lemma is_FFN_factorization:
  fixes \<phi> \<psi> :: "'a \<Rightarrow> real"
  assumes "finite A" and "\<And>u v. u \<in> A \<Longrightarrow> v \<in> A \<Longrightarrow> \<phi> u = \<phi> v \<Longrightarrow> \<psi> u = \<psi> v"
  shows "\<exists>f. is_FFN f \<and> (\<forall>u\<in>A. f (\<phi> u) = \<psi> u)"
proof -
  obtain a c p and m :: nat
    where interp: "\<forall>y\<in>\<phi> ` A. \<psi> (inv_into A \<phi> y) = a + (\<Sum>i<m. c i * relu (y - p i))"
    using relu_sum_interpolation[of "\<phi> ` A" "\<psi> \<circ> inv_into A \<phi>"] assms(1) by auto
  have "\<psi> u = a + (\<Sum>i<m. c i * relu (\<phi> u - p i))" if "u \<in> A" for u
  proof -
    have "\<psi> (inv_into A \<phi> (\<phi> u)) = \<psi> u"
      using that by (intro assms(2) inv_into_into f_inv_into_f) auto
    then show ?thesis using interp that by auto
  qed
  then show ?thesis using is_FFN_relu_sum[where a = a and m = m and c = c and p = p] by auto
qed

lemma ex_FFN_layers:
  assumes "finite A"
    and "\<And>s u v. s < t \<Longrightarrow> u \<in> A \<Longrightarrow> v \<in> A \<Longrightarrow> x s u = x s v \<Longrightarrow> g (Suc s) u = g (Suc s) v"
  shows "\<exists>F. \<forall>s\<in>{1..t}. is_FFN (F s) \<and> (\<forall>u\<in>A. g s u = F s (x (s - 1) u))"
proof -
  have "\<exists>f. is_FFN f \<and> (\<forall>u\<in>A. f (x (s - 1) u) = g s u)" if "s \<in> {1..t}" for s
  proof (rule is_FFN_factorization[OF assms(1)])
    fix u v assume "u \<in> A" "v \<in> A" "x (s - 1) u = x (s - 1) v"
    moreover have "s - 1 < t" "Suc (s - 1) = s" using that by auto
    ultimately show "g s u = g s v" using assms(2)[of "s - 1" u v] by simp
  qed
  then show ?thesis by metis
qed

lemma sum_digits_inject:
  fixes N :: nat and d e :: "nat \<Rightarrow> nat"
  assumes "\<forall>p<L. d p < N" and "\<forall>p<L. e p < N"
    and "(\<Sum>p<L. d p * N ^ p) = (\<Sum>p<L. e p * N ^ p)"
  shows "\<forall>p<L. d p = e p"
  using assms
proof (induction L arbitrary: d e)
  case 0
  then show ?case by simp
next
  case (Suc L)
  have split: "(\<Sum>p<Suc L. f p * N ^ p) = f 0 + N * (\<Sum>p<L. f (Suc p) * N ^ p)" for f
    by (subst sum.lessThan_Suc_shift) (simp add: sum_distrib_left mult.assoc mult.left_commute)
  have digits: "d 0 < N" "e 0 < N" using Suc.prems by auto
  note sums = Suc.prems(3)[unfolded split]
  then have "d 0 = e 0" using digits by (metis mod_mult_self2 mod_less)
  with sums digits have tail: "(\<Sum>p<L. d (Suc p) * N ^ p) = (\<Sum>p<L. e (Suc p) * N ^ p)"
    by simp
  have "\<forall>p<L. d (Suc p) = e (Suc p)"
    using Suc.IH[OF _ _ tail] Suc.prems by simp
  with \<open>d 0 = e 0\<close> show ?case by (auto simp: less_Suc_eq_0_disj)
qed

lemma sum_mset_eq_sum_count:
  fixes f :: "'a \<Rightarrow> nat"
  assumes "finite S" and "set_mset A \<subseteq> S"
  shows "(\<Sum>x\<in>#A. f x) = (\<Sum>x\<in>S. count A x * f x)"
  using assms(2)
proof (induction A)
  case empty
  then show ?case by simp
next
  case (add a A)
  have "(\<Sum>x\<in>S. count (add_mset a A) x * f x) = (\<Sum>x\<in>S. count A x * f x + (if x = a then f x else 0))"
    by (rule sum.cong) auto
  also have "\<dots> = (\<Sum>x\<in>S. count A x * f x) + f a"
    using add.prems assms(1) by (simp add: sum.distrib)
  finally show ?case using add by simp
qed

lemma sum_mset_image_sum: "(\<Sum>q\<in>#(\<Sum>j\<in>J. F j). f q) = (\<Sum>j\<in>J. \<Sum>q\<in>#F j. f q)"
  by (induction J rule: infinite_finite_induct) auto

lemma size_sum_mset: "size (\<Sum>j\<in>J. F j :: 'a multiset) = (\<Sum>j\<in>J. size (F j))"
  by (induction J rule: infinite_finite_induct) auto

lemma sum_mset_power_inject:
  fixes N :: nat
  assumes "\<forall>p. count A p < N" and "\<forall>p. count B p < N"
    and "(\<Sum>p\<in>#A. N ^ p) = (\<Sum>p\<in>#B. N ^ p)"
  shows "A = B"
proof -
  obtain L where L: "set_mset A \<union> set_mset B \<subseteq> {..<L}"
    using finite_nat_set_iff_bounded[of "set_mset A \<union> set_mset B"] by auto
  then have "(\<Sum>p<L. count A p * N ^ p) = (\<Sum>p<L. count B p * N ^ p)"
    using assms(3) sum_mset_eq_sum_count[of "{..<L}"] by simp
  then have "\<forall>p<L. count A p = count B p"
    using sum_digits_inject assms(1,2) by blast
  moreover have "count A p = 0 \<and> count B p = 0" if "\<not> p < L" for p
    using L that by (auto simp: not_in_iff[symmetric])
  ultimately show ?thesis by (metis multiset_eqI)
qed

definition tagged_mset :: "'c \<Rightarrow> (nat \<Rightarrow> 'c multiset) \<Rightarrow> nat \<Rightarrow> (nat \<times> 'c) multiset" where
  "tagged_mset x M k = add_mset (0, x) (\<Sum>j<k. image_mset (Pair (Suc j)) (M j))"

lemma tagged_mset_inject:
  fixes M M' :: "nat \<Rightarrow> 'c multiset"
  assumes "tagged_mset x M k = tagged_mset y M' k"
  shows "x = y \<and> (\<forall>j<k. M j = M' j)"
proof -
  define tag :: "nat \<Rightarrow> (nat \<times> 'c) multiset \<Rightarrow> 'c multiset"
    where "tag i T = image_mset snd (filter_mset (\<lambda>q. fst q = i) T)" for i T
  have tag_sum: "tag i (\<Sum>j<k. F j) = (\<Sum>j<k. tag i (F j))" for i F
    using sum_comp_morphism[of "tag i" F "{..<k}"] by (simp add: tag_def o_def)
  have tag_add_mset: "tag i (add_mset (j, z) T) = (if i = j then add_mset z (tag i T) else tag i T)"
    for i j z T
    by (simp add: tag_def)
  have tag_Pair: "tag i (image_mset (Pair j) A) = (if i = j then A else {#})" for i j A
    by (simp add: tag_def filter_mset_image_mset multiset.map_comp o_def)
  have "tag 0 (tagged_mset x M k) = {#x#}" for x M
    unfolding tagged_mset_def tag_add_mset tag_sum tag_Pair by simp
  moreover have "tag (Suc j) (tagged_mset x M k) = M j" if "j < k" for j x M
    using that unfolding tagged_mset_def tag_add_mset tag_sum tag_Pair by (simp add: sum.delta)
  ultimately show ?thesis using assms by (metis single_eq_single)
qed

definition power_code :: "nat \<Rightarrow> nat \<Rightarrow> ('c \<Rightarrow> nat) \<Rightarrow> 'c \<Rightarrow> (nat \<Rightarrow> 'c multiset) \<Rightarrow> nat \<Rightarrow> nat" where
  "power_code N K c x M k = N ^ c x + (\<Sum>j<k. N ^ (K * Suc j) * (\<Sum>z\<in>#M j. N ^ c z))"

text \<open>If c takes values below K, the element (i, z) of the tagged multiset contributes the
  base-N digit at position K * i + c z, and all digits stay below N; so the code determines the
  tagged multiset.\<close>

lemma power_code_inject:
  fixes c :: "'c \<Rightarrow> nat"
  assumes "inj_on c C" and "c ` C \<subseteq> {..<K}"
    and "x \<in> C" and "y \<in> C" and "\<forall>j<k. set_mset (M j) \<subseteq> C" and "\<forall>j<k. set_mset (M' j) \<subseteq> C"
    and "1 + (\<Sum>j<k. size (M j)) < N" and "1 + (\<Sum>j<k. size (M' j)) < N"
    and "power_code N K c x M k = power_code N K c y M' k"
  shows "x = y \<and> (\<forall>j<k. M j = M' j)"
proof -
  define enc where "enc q = K * fst q + c (snd q)" for q
  have code: "power_code N K c x M k = (\<Sum>p\<in>#image_mset enc (tagged_mset x M k). N ^ p)" for x M
    by (simp add: power_code_def tagged_mset_def enc_def sum_mset_image_sum power_add
        sum_mset_distrib_left multiset.map_comp o_def)
  have digits: "count (image_mset enc (tagged_mset x M k)) p < N"
    if "1 + (\<Sum>j<k. size (M j)) < N" for x M p
    using that count_le_size[of "image_mset enc (tagged_mset x M k)" p]
    by (simp add: tagged_mset_def size_sum_mset)
  have enc_inj: "inj_on enc (UNIV \<times> C)"
  proof (rule inj_onI)
    fix q q' assume q: "q \<in> UNIV \<times> C" "q' \<in> UNIV \<times> C" and "enc q = enc q'"
    then have "c (snd q) < K" "c (snd q') < K" using assms(2) by auto
    then have "fst q = fst q'" "c (snd q) = c (snd q')"
      using arg_cong[OF \<open>enc q = enc q'\<close>, of "\<lambda>n. n div K"]
        arg_cong[OF \<open>enc q = enc q'\<close>, of "\<lambda>n. n mod K"]
      by (simp_all add: enc_def)
    then show "q = q'" using q assms(1) by (auto dest: inj_onD intro: prod_eqI)
  qed
  have "image_mset enc (tagged_mset x M k) = image_mset enc (tagged_mset y M' k)"
    using sum_mset_power_inject digits assms(7-9) unfolding code by blast
  moreover have "set_mset (tagged_mset x M k) \<subseteq> UNIV \<times> C" "set_mset (tagged_mset y M' k) \<subseteq> UNIV \<times> C"
    using assms(3-6) by (auto simp: tagged_mset_def set_mset_sum)
  ultimately have "tagged_mset x M k = tagged_mset y M' k"
    using enc_inj by (intro multiset.inj_map_strong[of _ _ enc enc]) (auto dest: inj_onD)
  then show ?thesis by (rule tagged_mset_inject)
qed

lemma ktuples_update: "u \<in> ktuples V k \<Longrightarrow> w \<in> V \<Longrightarrow> u[j := w] \<in> ktuples V k"
  unfolding ktuples_def using set_update_subset_insert by fastforce

lemma finite_ktuples: "finite V \<Longrightarrow> finite (ktuples V k)"
  unfolding ktuples_def using finite_lists_length_eq[of V k] by (simp add: conj_commute)

lemma kwl_Suc_eq_if_power_code_eq:
  assumes "inj_on c C" and "c ` C \<subseteq> {..<K}" and "k * card V + 1 < N"
    and "kwl V E lab k s ` ktuples V k \<subseteq> C" and "u \<in> ktuples V k" and "v \<in> ktuples V k"
    and "power_code N K c (kwl V E lab k s u) (\<lambda>j. {#kwl V E lab k s (u[j := w]). w \<in># mset_set V#}) k
       = power_code N K c (kwl V E lab k s v) (\<lambda>j. {#kwl V E lab k s (v[j := w]). w \<in># mset_set V#}) k"
  shows "kwl V E lab k (Suc s) u = kwl V E lab k (Suc s) v"
proof -
  have "set_mset {#kwl V E lab k s (x[j := w]). w \<in># mset_set V#} \<subseteq> C"
    if "x \<in> ktuples V k" for x j
  proof (cases "finite V")
    case True
    then show ?thesis using assms(4) ktuples_update[OF that] by auto
  qed simp
  then have "kwl V E lab k s u = kwl V E lab k s v \<and>
      (\<forall>j<k. {#kwl V E lab k s (u[j := w]). w \<in># mset_set V#} = {#kwl V E lab k s (v[j := w]). w \<in># mset_set V#})"
    using assms(3-7) by (intro power_code_inject[OF assms(1,2)]) auto
  then show ?thesis by simp
qed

> [TASK REQUIREMENTS]:
Repeat word for word the lines above that run from the line containing "k = (\<Sum>p\<in>#image_mset" through the line containing "unfolding ktuples_def using set_update_subset_insert", both ends included, and nothing else.

> [EXERCISE OUTPUT]:
  have code: "power_code N K c x M k = (\<Sum>p\<in>#image_mset enc (tagged_mset x M k). N ^ p)" for x M
    by (simp add: power_code_def tagged_mset_def enc_def sum_mset_image_sum power_add
        sum_mset_distrib_left multiset.map_comp o_def)
  have digits: "count (image_mset enc (tagged_mset x M k)) p < N"
    if "1 + (\<Sum>j<k. size (M j)) < N" for x M p
    using that count_le_size[of "image_mset enc (tagged_mset x M k)" p]
    by (simp add: tagged_mset_def size_sum_mset)
  have enc_inj: "inj_on enc (UNIV \<times> C)"
  proof (rule inj_onI)
    fix q q' assume q: "q \<in> UNIV \<times> C" "q' \<in> UNIV \<times> C" and "enc q = enc q'"
    then have "c (snd q) < K" "c (snd q') < K" using assms(2) by auto
    then have "fst q = fst q'" "c (snd q) = c (snd q')"
      using arg_cong[OF \<open>enc q = enc q'\<close>, of "\<lambda>n. n div K"]
        arg_cong[OF \<open>enc q = enc q'\<close>, of "\<lambda>n. n mod K"]
      by (simp_all add: enc_def)
    then show "q = q'" using q assms(1) by (auto dest: inj_onD intro: prod_eqI)
  qed
  have "image_mset enc (tagged_mset x M k) = image_mset enc (tagged_mset y M' k)"
    using sum_mset_power_inject digits assms(7-9) unfolding code by blast
  moreover have "set_mset (tagged_mset x M k) \<subseteq> UNIV \<times> C" "set_mset (tagged_mset y M' k) \<subseteq> UNIV \<times> C"
    using assms(3-6) by (auto simp: tagged_mset_def set_mset_sum)
  ultimately have "tagged_mset x M k = tagged_mset y M' k"
    using enc_inj by (intro multiset.inj_map_strong[of _ _ enc enc]) (auto dest: inj_onD)
  then show ?thesis by (rule tagged_mset_inject)
qed

lemma ktuples_update: "u \<in> ktuples V k \<Longrightarrow> w \<in> V \<Longrightarrow> u[j := w] \<in> ktuples V k"
  unfolding ktuples_def using set_update_subset_insert by fastforce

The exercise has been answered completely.